# What this task involves
Select all lines holding the word "forall" from the entries that follow.

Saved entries
* * *

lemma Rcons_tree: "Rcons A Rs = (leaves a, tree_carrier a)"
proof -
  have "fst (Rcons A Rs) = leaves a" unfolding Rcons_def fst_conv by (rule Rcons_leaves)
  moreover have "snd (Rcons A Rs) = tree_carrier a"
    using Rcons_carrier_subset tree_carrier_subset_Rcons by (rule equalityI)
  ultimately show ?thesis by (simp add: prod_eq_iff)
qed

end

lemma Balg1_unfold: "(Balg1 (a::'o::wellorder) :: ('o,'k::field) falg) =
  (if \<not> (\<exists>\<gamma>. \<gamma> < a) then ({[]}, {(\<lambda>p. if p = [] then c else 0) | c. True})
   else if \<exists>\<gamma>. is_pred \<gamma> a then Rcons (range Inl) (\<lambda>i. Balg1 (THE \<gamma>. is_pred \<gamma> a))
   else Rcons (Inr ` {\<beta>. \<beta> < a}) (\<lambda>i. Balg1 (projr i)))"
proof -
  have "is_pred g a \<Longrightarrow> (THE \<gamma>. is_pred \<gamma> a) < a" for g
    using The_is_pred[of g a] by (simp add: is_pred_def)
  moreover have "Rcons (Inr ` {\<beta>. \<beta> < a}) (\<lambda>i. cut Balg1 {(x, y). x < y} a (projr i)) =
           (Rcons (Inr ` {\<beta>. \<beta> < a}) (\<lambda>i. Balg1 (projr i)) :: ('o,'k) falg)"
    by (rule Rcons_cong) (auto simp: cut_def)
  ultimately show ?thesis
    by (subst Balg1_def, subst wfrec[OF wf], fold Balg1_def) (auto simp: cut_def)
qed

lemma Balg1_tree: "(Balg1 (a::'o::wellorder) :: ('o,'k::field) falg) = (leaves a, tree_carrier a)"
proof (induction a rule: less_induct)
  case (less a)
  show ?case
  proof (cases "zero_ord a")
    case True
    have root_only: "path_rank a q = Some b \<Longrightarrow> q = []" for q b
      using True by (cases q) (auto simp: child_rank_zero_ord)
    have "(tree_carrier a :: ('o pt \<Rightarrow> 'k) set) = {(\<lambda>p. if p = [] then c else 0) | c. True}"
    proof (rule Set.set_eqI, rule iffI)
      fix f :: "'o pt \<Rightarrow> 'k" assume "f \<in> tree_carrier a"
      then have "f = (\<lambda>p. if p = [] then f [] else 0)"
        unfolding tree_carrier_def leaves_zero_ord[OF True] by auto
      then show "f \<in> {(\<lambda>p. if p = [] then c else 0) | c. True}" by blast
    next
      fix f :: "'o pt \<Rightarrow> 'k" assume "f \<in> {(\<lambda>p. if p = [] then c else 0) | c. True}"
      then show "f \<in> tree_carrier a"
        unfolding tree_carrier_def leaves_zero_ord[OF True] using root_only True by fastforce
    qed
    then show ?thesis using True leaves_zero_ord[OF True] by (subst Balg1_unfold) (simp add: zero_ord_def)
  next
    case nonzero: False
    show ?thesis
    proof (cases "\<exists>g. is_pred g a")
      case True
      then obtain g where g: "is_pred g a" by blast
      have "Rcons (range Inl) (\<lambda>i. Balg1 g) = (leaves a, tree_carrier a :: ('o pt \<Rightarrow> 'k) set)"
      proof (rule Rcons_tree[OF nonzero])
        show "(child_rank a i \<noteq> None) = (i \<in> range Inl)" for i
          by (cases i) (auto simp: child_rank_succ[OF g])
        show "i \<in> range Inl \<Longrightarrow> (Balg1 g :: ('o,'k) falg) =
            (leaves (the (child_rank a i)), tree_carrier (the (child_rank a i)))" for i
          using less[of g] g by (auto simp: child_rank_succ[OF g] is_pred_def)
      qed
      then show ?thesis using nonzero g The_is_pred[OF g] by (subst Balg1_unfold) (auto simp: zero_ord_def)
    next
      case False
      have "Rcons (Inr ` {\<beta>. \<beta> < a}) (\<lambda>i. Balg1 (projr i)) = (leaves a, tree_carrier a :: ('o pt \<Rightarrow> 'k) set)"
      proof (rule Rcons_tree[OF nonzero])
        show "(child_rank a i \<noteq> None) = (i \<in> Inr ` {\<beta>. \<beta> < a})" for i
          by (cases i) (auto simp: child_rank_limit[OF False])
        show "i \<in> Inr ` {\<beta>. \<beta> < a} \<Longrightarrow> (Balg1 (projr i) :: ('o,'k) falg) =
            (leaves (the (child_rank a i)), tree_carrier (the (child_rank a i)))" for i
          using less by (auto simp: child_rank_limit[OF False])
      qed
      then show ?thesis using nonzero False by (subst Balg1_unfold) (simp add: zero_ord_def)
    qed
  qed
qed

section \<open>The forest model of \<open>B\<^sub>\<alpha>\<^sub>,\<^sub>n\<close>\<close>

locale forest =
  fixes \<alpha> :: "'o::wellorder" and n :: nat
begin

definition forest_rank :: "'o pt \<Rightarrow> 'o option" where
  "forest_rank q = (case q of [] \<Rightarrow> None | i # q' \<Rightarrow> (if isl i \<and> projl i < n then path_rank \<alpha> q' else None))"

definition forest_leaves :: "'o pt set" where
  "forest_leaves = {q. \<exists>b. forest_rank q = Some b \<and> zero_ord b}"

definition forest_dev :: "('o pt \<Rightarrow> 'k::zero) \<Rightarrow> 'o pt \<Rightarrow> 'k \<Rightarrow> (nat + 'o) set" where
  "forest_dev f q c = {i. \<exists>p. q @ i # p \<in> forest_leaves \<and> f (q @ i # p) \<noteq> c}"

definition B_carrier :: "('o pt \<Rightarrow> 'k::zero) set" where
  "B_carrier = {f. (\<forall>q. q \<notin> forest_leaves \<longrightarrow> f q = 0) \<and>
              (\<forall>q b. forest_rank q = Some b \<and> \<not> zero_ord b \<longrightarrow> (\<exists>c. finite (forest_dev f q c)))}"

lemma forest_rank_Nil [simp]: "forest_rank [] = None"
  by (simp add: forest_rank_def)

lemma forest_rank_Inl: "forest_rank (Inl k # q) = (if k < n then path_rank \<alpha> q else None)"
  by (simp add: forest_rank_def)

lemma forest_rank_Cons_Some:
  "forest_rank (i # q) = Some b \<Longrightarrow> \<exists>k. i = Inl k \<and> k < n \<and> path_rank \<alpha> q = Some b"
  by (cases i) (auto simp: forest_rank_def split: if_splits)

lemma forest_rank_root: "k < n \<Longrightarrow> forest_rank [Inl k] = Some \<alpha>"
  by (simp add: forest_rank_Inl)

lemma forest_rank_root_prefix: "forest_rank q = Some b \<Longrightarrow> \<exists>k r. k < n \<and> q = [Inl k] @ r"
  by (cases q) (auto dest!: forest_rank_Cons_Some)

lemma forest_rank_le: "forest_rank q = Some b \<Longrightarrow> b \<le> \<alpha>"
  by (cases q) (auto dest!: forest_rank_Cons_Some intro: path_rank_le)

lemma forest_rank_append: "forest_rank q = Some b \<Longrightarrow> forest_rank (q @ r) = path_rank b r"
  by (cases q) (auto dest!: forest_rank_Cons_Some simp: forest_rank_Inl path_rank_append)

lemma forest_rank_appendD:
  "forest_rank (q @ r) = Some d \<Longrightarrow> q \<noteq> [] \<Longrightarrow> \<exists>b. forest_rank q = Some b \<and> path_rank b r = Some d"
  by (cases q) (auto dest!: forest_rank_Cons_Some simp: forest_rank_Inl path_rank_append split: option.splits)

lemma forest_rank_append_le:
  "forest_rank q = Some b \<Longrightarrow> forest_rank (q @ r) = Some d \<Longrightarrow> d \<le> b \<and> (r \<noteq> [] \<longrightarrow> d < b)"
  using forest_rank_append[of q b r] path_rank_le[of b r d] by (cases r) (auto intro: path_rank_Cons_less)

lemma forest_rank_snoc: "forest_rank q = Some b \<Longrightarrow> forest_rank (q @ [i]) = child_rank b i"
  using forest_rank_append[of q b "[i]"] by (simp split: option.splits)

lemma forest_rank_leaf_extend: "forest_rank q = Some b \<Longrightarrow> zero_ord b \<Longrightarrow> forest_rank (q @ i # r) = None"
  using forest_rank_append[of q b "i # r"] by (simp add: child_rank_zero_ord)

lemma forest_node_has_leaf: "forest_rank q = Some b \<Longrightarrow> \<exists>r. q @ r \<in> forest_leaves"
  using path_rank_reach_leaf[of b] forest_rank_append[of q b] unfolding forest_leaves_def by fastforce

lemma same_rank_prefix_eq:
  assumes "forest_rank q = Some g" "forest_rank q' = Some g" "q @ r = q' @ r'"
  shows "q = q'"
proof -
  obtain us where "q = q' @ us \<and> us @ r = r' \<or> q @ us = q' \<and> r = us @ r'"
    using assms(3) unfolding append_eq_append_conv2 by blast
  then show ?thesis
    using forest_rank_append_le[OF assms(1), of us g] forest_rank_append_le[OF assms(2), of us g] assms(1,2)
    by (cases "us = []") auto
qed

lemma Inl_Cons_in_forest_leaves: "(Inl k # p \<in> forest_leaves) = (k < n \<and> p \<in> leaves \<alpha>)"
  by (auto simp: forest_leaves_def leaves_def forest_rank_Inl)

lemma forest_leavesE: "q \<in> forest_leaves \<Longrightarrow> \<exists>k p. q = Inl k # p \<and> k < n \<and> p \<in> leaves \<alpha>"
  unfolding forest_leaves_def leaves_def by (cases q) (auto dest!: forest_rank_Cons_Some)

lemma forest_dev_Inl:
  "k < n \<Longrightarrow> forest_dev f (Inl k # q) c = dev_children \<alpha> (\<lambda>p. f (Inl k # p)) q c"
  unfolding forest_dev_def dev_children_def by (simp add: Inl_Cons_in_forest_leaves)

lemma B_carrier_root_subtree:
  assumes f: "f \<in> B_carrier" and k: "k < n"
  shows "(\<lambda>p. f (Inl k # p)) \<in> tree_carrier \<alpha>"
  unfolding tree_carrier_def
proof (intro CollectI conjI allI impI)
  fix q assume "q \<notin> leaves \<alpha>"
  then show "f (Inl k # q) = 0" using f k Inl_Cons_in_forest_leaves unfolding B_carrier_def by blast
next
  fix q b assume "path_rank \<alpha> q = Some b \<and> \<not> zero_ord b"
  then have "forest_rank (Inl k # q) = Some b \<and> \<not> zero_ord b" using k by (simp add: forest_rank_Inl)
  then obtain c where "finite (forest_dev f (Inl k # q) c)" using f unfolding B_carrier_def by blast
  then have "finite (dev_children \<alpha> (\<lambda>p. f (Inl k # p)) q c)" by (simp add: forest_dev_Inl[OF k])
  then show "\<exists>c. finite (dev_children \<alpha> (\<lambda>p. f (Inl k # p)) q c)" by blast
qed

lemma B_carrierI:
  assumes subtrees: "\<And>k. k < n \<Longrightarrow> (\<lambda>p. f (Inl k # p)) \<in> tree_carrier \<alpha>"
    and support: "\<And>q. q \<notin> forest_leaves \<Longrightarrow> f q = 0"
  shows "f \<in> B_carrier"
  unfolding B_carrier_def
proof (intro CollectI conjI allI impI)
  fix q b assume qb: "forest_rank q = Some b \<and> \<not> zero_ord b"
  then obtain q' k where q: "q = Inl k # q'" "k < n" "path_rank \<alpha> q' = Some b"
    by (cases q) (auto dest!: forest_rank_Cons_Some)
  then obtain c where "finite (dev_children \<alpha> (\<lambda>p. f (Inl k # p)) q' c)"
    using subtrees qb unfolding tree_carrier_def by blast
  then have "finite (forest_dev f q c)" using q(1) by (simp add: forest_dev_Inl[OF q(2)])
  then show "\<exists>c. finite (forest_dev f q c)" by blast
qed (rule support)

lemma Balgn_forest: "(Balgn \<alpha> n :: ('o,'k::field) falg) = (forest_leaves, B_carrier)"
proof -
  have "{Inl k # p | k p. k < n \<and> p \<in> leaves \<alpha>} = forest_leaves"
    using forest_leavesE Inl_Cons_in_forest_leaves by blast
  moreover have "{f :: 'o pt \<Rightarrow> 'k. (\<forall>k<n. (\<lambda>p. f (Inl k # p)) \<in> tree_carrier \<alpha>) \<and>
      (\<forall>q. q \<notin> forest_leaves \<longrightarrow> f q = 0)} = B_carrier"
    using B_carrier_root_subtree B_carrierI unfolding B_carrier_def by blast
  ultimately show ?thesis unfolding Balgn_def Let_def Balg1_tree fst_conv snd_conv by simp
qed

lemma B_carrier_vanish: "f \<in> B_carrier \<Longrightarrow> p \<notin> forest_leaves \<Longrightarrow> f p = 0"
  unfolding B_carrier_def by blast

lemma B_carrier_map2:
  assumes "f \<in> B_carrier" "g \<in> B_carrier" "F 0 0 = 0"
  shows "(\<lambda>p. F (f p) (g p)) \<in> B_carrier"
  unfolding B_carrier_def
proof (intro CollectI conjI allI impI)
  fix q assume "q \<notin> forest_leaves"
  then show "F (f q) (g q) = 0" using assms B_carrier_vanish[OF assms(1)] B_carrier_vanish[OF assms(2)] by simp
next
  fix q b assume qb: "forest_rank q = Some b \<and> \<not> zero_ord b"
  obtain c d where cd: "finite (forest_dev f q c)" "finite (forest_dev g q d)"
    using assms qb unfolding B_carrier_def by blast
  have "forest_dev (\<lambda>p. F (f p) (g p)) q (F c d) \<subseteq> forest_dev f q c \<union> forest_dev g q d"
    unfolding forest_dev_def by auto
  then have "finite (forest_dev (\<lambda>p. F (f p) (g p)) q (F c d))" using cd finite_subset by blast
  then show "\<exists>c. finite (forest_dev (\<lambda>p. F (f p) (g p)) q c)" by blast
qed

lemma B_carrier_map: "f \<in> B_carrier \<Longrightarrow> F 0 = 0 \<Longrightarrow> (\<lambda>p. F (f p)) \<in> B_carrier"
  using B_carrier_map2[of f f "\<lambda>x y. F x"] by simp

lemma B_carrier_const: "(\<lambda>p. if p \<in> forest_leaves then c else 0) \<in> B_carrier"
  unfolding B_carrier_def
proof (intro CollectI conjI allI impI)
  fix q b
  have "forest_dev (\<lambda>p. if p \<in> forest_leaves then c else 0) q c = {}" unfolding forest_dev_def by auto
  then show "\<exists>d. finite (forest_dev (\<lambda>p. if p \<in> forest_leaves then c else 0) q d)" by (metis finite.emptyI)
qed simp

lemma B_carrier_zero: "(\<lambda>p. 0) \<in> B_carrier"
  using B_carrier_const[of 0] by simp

* * *

# Exercise result
  "B_carrier = {f. (\<forall>q. q \<notin> forest_leaves \<longrightarrow> f q = 0) \<and>
              (\<forall>q b. forest_rank q = Some b \<and> \<not> zero_ord b \<longrightarrow> (\<exists>c. finite (forest_dev f q c)))}"
  moreover have "{f :: 'o pt \<Rightarrow> 'k. (\<forall>k<n. (\<lambda>p. f (Inl k # p)) \<in> tree_carrier \<alpha>) \<and>
      (\<forall>q. q \<notin> forest_leaves \<longrightarrow> f q = 0)} = B_carrier"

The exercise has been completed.